Further, even if the cooling water temperature THW and the throttle opening TA are the same, the increase initial value Ks calculated based on the first initial value map is lower than the increase initial value Ks calculated based on the second initial value map. is preset to be a small value. That is, the initial increase value Ks when the high rotation start control is performed at the time of the first start is calculated to be a smaller value than the initial increase value Ks when the low rotation start control is performed at the time of the first start. be.

When it is determined in the processing of S100 that the first start request is not made (S100: NO), the control device 100 determines whether or not the start mode selected this time is the third mode (S140). If it is determined that the current mode is the third mode (S140: YES), the control device 100 calculates an increase initial value Ks based on the third initial value map (S150).

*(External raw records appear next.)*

(* Let $(\lambda_1,\lambda_2)$ and $(\mu_1,\mu_2)$ be two distinct partitions of $n$ with exactly two (positive) parts each. Then there exist commuting nilpotent $n\times n$ matrices $B,A$ over $\mathbb{F}$ with $\mathrm{sh}(B)=(\lambda_1,\lambda_2)$ and $\mathrm{sh}(A)=(\mu_1,\mu_2)$ if and only if $n$ is even and one of the two partitions equals $(\frac n2,\frac n2)$ and the other equals $(\frac n2+1,\frac n2-1)$.
   Context: $\mathbb{F}$ is an algebraically closed field of characteristic $0$. For a nilpotent matrix $A$, $\mathrm{sh}(A)$ is the partition of $n$ given by the sizes of the Jordan blocks of its Jordan canonical form. *)

theory Defs
  imports "Jordan_Normal_Form.Jordan_Normal_Form_Uniqueness"
begin

definition nilpotent_mat :: "nat \<Rightarrow> 'a :: field mat \<Rightarrow> bool" where
  "nilpotent_mat n A \<longleftrightarrow> A \<in> carrier_mat n n \<and> (\<exists>k. A ^\<^sub>m k = 0\<^sub>m n n)"

definition has_shape :: "'a :: field mat \<Rightarrow> nat multiset \<Rightarrow> bool" where
  "has_shape A p \<longleftrightarrow> (\<exists>n_as. jordan_nf A n_as \<and> mset (map fst n_as) = p)"

definition alg_closed_field :: "'a :: field itself \<Rightarrow> bool" where
  "alg_closed_field _ \<longleftrightarrow> (\<forall>p :: 'a poly. degree p \<ge> 1 \<longrightarrow> (\<exists>x. poly p x = 0))"

end

theory Submission
  imports Defs
begin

The third initial value map is map data prepared in advance for calculating an optimized increase initial value Ks for starting the engine in the third mode. This third initial value map is used to calculate the initial increase value Ks based on the cooling water temperature THW when the start request is generated and the intermittent stop time Ts, which is the intermittent stop time before the current start request is generated. data is recorded. In this third initial value map, the initial increase value Ks is set so that the lower the cooling water temperature THW or the longer the intermittent stop time Ts, the larger the calculated initial increase value Ks. It is The reason why the increase initial value Ks is increased as the cooling water temperature THW is lower is that the amount of fuel contributing to combustion decreases as the cooling water temperature THW is lower. The reason why the increase initial value Ks is increased as the intermittent stop time Ts is longer is as follows. That is, the longer the intermittent stop time Ts, the greater the amount of oxygen stored by the catalyst 17 while the engine is stopped. be.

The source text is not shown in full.